• **REQUIRED ACTION**
Copy each line of the entries that contains the word "permutes".
** Opening RECORDED INFORMATION block **
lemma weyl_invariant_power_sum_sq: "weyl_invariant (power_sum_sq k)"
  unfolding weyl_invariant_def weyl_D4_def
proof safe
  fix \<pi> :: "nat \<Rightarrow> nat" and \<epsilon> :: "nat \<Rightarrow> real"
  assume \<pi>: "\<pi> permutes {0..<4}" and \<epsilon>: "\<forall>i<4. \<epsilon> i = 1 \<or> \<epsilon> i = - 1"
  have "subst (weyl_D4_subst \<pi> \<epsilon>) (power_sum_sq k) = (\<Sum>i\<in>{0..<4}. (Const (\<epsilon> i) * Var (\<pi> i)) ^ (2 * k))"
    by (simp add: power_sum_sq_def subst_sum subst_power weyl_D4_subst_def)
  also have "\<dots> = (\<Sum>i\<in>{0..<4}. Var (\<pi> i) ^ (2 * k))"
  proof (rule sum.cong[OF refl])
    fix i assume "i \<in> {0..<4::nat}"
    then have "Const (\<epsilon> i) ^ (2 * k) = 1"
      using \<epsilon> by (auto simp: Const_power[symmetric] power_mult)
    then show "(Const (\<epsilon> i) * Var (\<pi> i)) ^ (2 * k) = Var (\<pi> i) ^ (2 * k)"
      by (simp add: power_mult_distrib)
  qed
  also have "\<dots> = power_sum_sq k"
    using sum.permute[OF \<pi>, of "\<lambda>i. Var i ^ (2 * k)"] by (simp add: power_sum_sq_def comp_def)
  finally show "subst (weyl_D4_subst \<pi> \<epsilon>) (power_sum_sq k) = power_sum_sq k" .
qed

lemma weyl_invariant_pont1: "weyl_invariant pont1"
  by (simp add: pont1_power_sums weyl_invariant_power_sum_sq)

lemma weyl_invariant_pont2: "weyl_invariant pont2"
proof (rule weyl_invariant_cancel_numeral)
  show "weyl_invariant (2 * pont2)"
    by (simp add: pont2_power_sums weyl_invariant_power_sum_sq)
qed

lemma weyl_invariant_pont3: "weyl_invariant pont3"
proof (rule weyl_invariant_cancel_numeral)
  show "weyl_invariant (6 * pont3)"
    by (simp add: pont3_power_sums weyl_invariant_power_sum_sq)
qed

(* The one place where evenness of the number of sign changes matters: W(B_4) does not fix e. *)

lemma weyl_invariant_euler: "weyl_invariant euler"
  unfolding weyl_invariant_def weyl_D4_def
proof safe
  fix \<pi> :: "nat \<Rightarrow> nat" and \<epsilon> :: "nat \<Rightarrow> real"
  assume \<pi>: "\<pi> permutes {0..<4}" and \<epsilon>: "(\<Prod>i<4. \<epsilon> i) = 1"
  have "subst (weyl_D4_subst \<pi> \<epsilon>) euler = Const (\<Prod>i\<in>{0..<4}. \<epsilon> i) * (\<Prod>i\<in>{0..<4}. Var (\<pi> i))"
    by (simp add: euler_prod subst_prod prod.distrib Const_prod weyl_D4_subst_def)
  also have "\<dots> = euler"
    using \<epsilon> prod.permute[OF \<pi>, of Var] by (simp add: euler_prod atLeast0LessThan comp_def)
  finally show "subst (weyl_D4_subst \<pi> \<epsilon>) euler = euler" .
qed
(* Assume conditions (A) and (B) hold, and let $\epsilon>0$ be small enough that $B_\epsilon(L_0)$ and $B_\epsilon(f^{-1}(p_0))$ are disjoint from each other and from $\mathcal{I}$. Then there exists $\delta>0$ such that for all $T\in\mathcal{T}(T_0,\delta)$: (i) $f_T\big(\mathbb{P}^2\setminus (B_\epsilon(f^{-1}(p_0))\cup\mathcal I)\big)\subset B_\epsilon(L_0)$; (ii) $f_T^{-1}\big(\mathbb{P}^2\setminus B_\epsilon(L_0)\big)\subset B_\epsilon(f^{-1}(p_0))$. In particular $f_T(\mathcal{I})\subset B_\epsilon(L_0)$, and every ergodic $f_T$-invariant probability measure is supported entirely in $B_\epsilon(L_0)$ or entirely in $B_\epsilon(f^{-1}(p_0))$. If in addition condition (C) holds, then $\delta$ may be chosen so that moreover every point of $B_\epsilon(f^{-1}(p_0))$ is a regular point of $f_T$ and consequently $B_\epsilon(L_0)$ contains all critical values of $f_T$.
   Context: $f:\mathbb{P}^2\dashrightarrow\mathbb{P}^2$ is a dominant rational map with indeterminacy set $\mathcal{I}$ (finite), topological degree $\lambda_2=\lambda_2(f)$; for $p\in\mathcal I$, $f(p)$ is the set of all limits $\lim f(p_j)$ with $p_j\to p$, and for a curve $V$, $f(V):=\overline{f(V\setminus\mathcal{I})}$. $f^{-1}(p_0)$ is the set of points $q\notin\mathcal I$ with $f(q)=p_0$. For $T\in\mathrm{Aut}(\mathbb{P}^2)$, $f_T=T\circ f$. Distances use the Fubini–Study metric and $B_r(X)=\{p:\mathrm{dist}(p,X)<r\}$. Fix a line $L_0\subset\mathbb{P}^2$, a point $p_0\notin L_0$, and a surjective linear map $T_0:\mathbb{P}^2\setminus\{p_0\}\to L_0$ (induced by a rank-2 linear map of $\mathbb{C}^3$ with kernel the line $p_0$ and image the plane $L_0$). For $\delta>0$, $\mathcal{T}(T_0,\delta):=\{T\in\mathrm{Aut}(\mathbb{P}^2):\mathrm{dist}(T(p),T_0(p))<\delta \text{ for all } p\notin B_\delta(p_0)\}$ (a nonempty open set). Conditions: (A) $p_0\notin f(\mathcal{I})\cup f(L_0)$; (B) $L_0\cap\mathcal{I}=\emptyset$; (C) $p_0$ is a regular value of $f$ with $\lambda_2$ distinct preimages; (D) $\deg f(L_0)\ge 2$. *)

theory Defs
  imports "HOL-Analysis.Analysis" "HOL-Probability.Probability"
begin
** Closing RECORDED INFORMATION block **
• **YOUR RESPONSE**
  assume \<pi>: "\<pi> permutes {0..<4}" and \<epsilon>: "\<forall>i<4. \<epsilon> i = 1 \<or> \<epsilon> i = - 1"
  assume \<pi>: "\<pi> permutes {0..<4}" and \<epsilon>: "(\<Prod>i<4. \<epsilon> i) = 1"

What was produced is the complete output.